I like what I like. At my age, I don’t always find it necessary to find a new, insert whatever you want (mexican restaurant, grocery store, beach) if I already have one I love.
That’s been my relationship with Sunset Beach. I love everything about it. I’ve been going there for 16 years, at least. I’ve thought about wandering down to Ocean Isle or one of the neighboring beaches during my stays but I’ve never done it. I mean, I know Sunset doesn’t have many restaurants but I’m perfectly happy fixing fresh seafood we buy from a little shop instead of having to put on shoes and drive somewhere else. I figure the sun looks the same from there as it does from the deck of our oceanfront rental home we stay in every year.
So when the opportunity arose for a quick work trip to Ocean Isle with fellow writer and friend Vanessa, I decided now was as good a time as any to see if I’ve been missing anything.
Ocean Isle is bigger than Sunset with more “stuff to do”, but it still feels remote, nothing like the tourist frenzied Myrtle Beach. It’s got plenty of rental houses but unlike Sunset there are also some small hotels along the waterfront. I stayed at the Ocean Isle Inn. Their waterfront rooms have an amazing view! You could not beat the location! It’s easily walkable to restaurants, bikes, a playground (closed due to Covid), the pier and of course, beach souvenirs.
Ocean Isle has a few waterfront restaurants where you can get a fancy cold drink and typical bar beach food. There are bike rentals and putt-putt golf and a great coffee shop too.
A short drive away we found the perfect antidote to a rainy afternoon. The Silver Coast Winery is the first winery in Brunswick County. It’s got so much local art inside its like sitting in an art gallery. They even use local art on the labels.
Our tasting guide was incredibly gracious and knowledgeable. Small world moment: Their winemaker used to be the winemaker at one of my favorite New York wineries, Bully Hill!
Oddly enough, my visit to Ocean Isle included a trip back to Sunset Beach for something I had never seen before:
The Kindred Spirit Mailbox (At one time I remember hearing about it but, for some reason, I thought it was on the Outer Banks somewhere.)

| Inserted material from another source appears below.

(* If $f:S\to T$ is an injective nested tuple morphism, then $\mathrm{coal}(L_{f^c})=\mathrm{comp}(L_f,\mathrm{size}(T))$.
   Context: Nested tuples (of positive integers): a positive integer or a finite tuple of nested tuples; flattening $X^\flat$ = integer leaves left to right, $\mathrm{len}$, $\mathrm{entry}_i$, $\mathrm{size}$ = product of entries. $\langle n\rangle_*=\{*,1,\dots,n\}$. A layout $L=S:D$ has congruent nested tuples $S$ (positive) and $D$ (nonnegative), $L^\flat=S^\flat:D^\flat$. Flat layout operations on $L=(s_1,\dots,s_m):(d_1,\dots,d_m)$: $\mathrm{squeeze}(L)$ removes modes with $s_i=1$; $\mathrm{sort}(L)$ stably reorders modes so that they are nondecreasing for the order $s:d\preceq s':d'$ iff $d<d'$ or ($d=d'$ and $s\le s'$); $\mathrm{coal}^\flat(L)$ is obtained from $\mathrm{squeeze}(L)$ by repeatedly merging adjacent modes $s_i,s_{i+1}:d_i,d_{i+1}$ with $d_{i+1}=s_id_i$ into $s_is_{i+1}:d_i$. For a layout $L$ with $\mathrm{coal}^\flat(L^\flat)=(s_1,\dots,s_k):(d_1,\dots,d_k)$, $\mathrm{coal}(L)$ is this flat layout if $k>1$, $s_1:d_1$ (depth $0$) if $k=1$, and $1:0$ if $k=0$. For a positive integer $N$, a flat layout $A$ with $\mathrm{sort}(\mathrm{squeeze}(A))=(s_1,\dots,s_m):(d_1,\dots,d_m)$ is $N$-complementable if $s_id_i\mid d_{i+1}$ for $1\le i<m$ and $s_md_m\mid N$; then $\mathrm{comp}^\flat(A,N)=\mathrm{coal}^\flat(C)$ where $C=\bigl(d_1,\tfrac{d_2}{s_1d_1},\dots,\tfrac{d_m}{s_{m-1}d_{m-1}},\tfrac{N}{s_md_m}\bigr):(1,s_1d_1,\dots,s_{m-1}d_{m-1},s_md_m)$. For a layout $A$ (with $A^\flat$ $N$-complementable), $\mathrm{comp}(A,N)=\mathrm{coal}(\mathrm{comp}^\flat(A^\flat,N))$. A nested tuple morphism $f:S\to T$ is given by a pointed map $\alpha:\langle\mathrm{len}(S)\rangle_*\to\langle\mathrm{len}(T)\rangle_*$ with each $j\ne*$ having at most one preimage and $\mathrm{entry}_i(S)=\mathrm{entry}_{\alpha(i)}(T)$ when $\alpha(i)\ne*$. It is injective if $\alpha$ is injective (so $\alpha(i)\ne*$ for all $i$). With $T^\flat=(t_1,\dots,t_n)$, $L_f$ has shape $S$ and stride congruent to $S$ with $i$-th flattened entry $0$ if $\alpha(i)=*$, else $\prod_{j<\alpha(i)}t_j$. For injective $f$, let $j_1<\dots<j_k$ be the elements of $\{1,\dots,n\}$ not in the image of $\alpha$; the complement $f^c:(t_{j_1},\dots,t_{j_k})\to T$ is the nested tuple morphism lying over $r\mapsto j_r$. *)

theory Defs
  imports Main
begin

Anyway, Vanessa needed to go there for a story she was working on and I was excited to tag along.
It’s a mile and a half walk south from the south end of the beach. I suggest walking at low tide so you aren’t walking through thick sand.
The mailbox was put on the beach almost 40 years ago. It’s estimated more than 100,000 people have visited it over the years. It is a place that people go to share their deepest thoughts on a blank page of a journal tucked away inside. Heartfelt confessions, tears of grief, apologies for broken homes, a mother gutted by her children leaving the home.
Some were writing for the first time… others had returned to share an update from their earlier entry like they found the love they were searching for .. or had beaten cancer.
I sat there for an hour and cried.
- I cried for dreams lost.
- I cried for the hope that remains.
- I cried for those searching and those that had found.
- I cried because I could see myself in some and because I wish I could in others.
- I cried because I felt the humanity that all of these faceless names shared.
A common desire to be seen, to be heard, to be loved.
The mailbox is the inspiration behind Nicholas Sparks’ latest novel Every Breath.
My friend Stacy would say I’m a sap, so maybe that’s it. But either way, it felt a little spiritual… a little sacred.. a little strange peeking into the lives that poured out on the page.
Turns out even when you think you know a place there is always more to learn if you just know where to look.
In the end, I can’t really say which beach is better. They both have great things to offer with beautiful sunsets to seal the day. Maybe it depends on what you are in the mood to do.